Тем важнее взять себя в руки.
— Не дави на меня, пожалуйста… — шепчу я. — Дай мне время. Я слишком долго убеждала себя в том, что мне всё до лампочки…
— … и я бы применил всё своё неебическое красноречие, чтобы тебя переубедить, Рита, — его голос звучит низко и глухо, отчего меня разбирает ещё сильнее. — Но, окей, я подожду, — он смотрит на меня так долго, и таким взглядом, что мне кажется, что резинка моих трусов сейчас лопнет без всякого богомерзкого телекинеза. — Потому как то, что я сейчас чувствую, сексом по дружбе не лечится. Хотя я тебе, безусловно, и друг тоже.
Моё сердце ухает в темноту.
— Это взаимно, — говорю я. — Ты, определённо, мой самый любимый друг, Лёлик…
— Тогда ответь, что ты делаешь сегодня вечером?
Я прекрасно знаю, что его не особенно волнует ответ. Потому что это вопрос-повод. И потому что Олег, что бы он себе ни напридумывал, доподлинно знает, что мои вечера плюс-минус похожи один на другой.
А ещё я без всякой экстрасенсорики знаю, какой именно ответ ему нужен.
Его-то я и дам.
— Ничего. Предлагай.
Шепс загадочно улыбается.
— Поедешь пить в моей компании? Мне очень надо… Или твоя карета скоро превратится в тыкву, Заяц?
— Я же ти-рекс, а не Золушка, малыш!
Наша способность рождать шутки из воздуха никуда не девалась, и нам по-прежнему легко смеяться вместе. Кто знает, может, нам удастся и дальше ничего не испортить?
Но прямо сейчас лучше сбавить обороты. Нехотя выпуская меня из рук, Олег тянется за сигаретами.
А я пропускаю. Пока что.
— И всё-таки? — он склоняется к огоньку зажигалки, поглядывая на меня. — Я надеюсь прихватить с собой Димана, так что тебе не придётся совсем уж терпеть меня. Могу пообещать, что не буду приставать, — он подмигивает с абсолютно коварным выражением лица. — Но не могу обещать, что сдержу это обещание.
Жадно затянувшись, Шепс выдыхает дым в сторону. Я встаю поближе, обхватывая его за пояс: Оленя немного потряхивает — от поздневечерней свежести и, может, от избытка эмоций.
— Разберёмся, — я только надеюсь, что не выгляжу слишком уж довольной. — Как насчёт того, что я не одета для клубного марафона?
— Что, прости? — отвечает Шепс вопросом на вопрос.

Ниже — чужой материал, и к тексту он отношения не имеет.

(* Let $k$ be a commutative ring, $n$ a positive integer and $R=(R^{ij}_{uv})\in M_n(k)\otimes M_n(k)$ a solution of the quantum Yang–Baxter equation $R^{12}R^{13}R^{23}=R^{23}R^{13}R^{12}$. Then the smash product $S_R(n)\#A(R)$ has the structure of an $S_R(n)$-bialgebroid with source, target, comultiplication and counit determined by $s(\xi_i)=\xi_i\#1$, $t(\xi_i)=\xi_u\#c^u_i$, $\Delta(\xi_i\#c^u_v)=\xi_i\#c^u_l\otimes_{S_R(n)}1\#c^l_v$, $\epsilon(\xi_i\#c^u_v)=\delta_{u,v}\xi_i$, for $i,u,v=1,\dots,n$ (summation over repeated indices).
   Context: Einstein summation convention. $A(R)$ (FRT bialgebra) is the $k$-algebra generated by $c^i_j$, $i,j=1,\dots,n$, subject to $R^{ij}_{vu}c^u_kc^v_l=R^{vu}_{lk}c^i_vc^j_u$ for all $i,j,k,l$, with matrix bialgebra structure $\Delta(c^i_j)=c^i_l\otimes c^l_j$, $\epsilon(c^i_j)=\delta_{ij}$. $S_R(n)$ is the $k$-algebra generated by $\xi_1,\dots,\xi_n$ subject to $\xi_u\xi_v=R^{li}_{uv}\xi_i\xi_l$ for all $u,v$. $S_R(n)$ is a left $A(R)$-module algebra and right $A(R)$-comodule via $c^j_v\cdot\xi_u=R^{ij}_{uv}\xi_i$ and $\xi_v\mapsto\xi_u\otimes c^u_v$. For a bialgebra $H$ and left $H$-module algebra $A$, the smash product $A\#H$ is $A\otimes H$ with product $(a\#g)(b\#h)=a(g_{(1)}\cdot b)\#g_{(2)}h$. An $A$-bialgebroid $(H,s,t,\Delta,\epsilon)$: $H$ a $k$-algebra, $s:A\to H$ an algebra map, $t:A\to H$ an anti-algebra map with $s(a)t(b)=t(b)s(a)$; $H$ is an $A$-bimodule via $a\cdot h=s(a)h$, $h\cdot a=t(a)h$, and $H\otimes_AH$ an $A$-bimodule via $a(g\otimes_Ah)b=s(a)g\otimes_At(b)h$; (B1) $\Delta:H\to H\otimes_AH$, $\epsilon:H\to A$ are $A$-bimodule maps forming a coassociative counital $A$-coring; (B2) $\mathrm{Im}\Delta\subseteq\Gamma:=\{\sum g^1\otimes_Ag^2:\sum g^1t(a)\otimes_Ag^2=\sum g^1\otimes_Ag^2s(a)\ \forall a\}$ and $\Delta:H\to\Gamma$ is an algebra map for the componentwise product on $\Gamma$; (B3) $\epsilon(1_H)=1_A$ and $\epsilon(gh)=\epsilon(gs(\epsilon(h)))=\epsilon(gt(\epsilon(h)))$ for all $g,h\in H$. *)

theory Defs
  imports "HOL-Library.Poly_Mapping"
begin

— Ну, я не выгляжу, как сука, что не может с тебя слезть, — я намеренно цитирую Фару, чтобы он наверняка меня понял. И чтобы самой понять кое-что.
— Честно? — он усмехается, и мои губы дрожат уже просто потому, что он на них смотрит. Не в первый раз. — Очень даже… Но вообще, мы любим со вкусом накидаться в караоке-баре. И да, иногда мы даже поём. Будет весело, соглашайся, Заяц.
— Заказывай мотор, Олень, — говорю я. И ещё раз повторяю: — Разберёмся.
Мне кажется, что этот абсолютно сумасшедший день никогда не закончится. Только я пока не знаю, к худу это или к добру.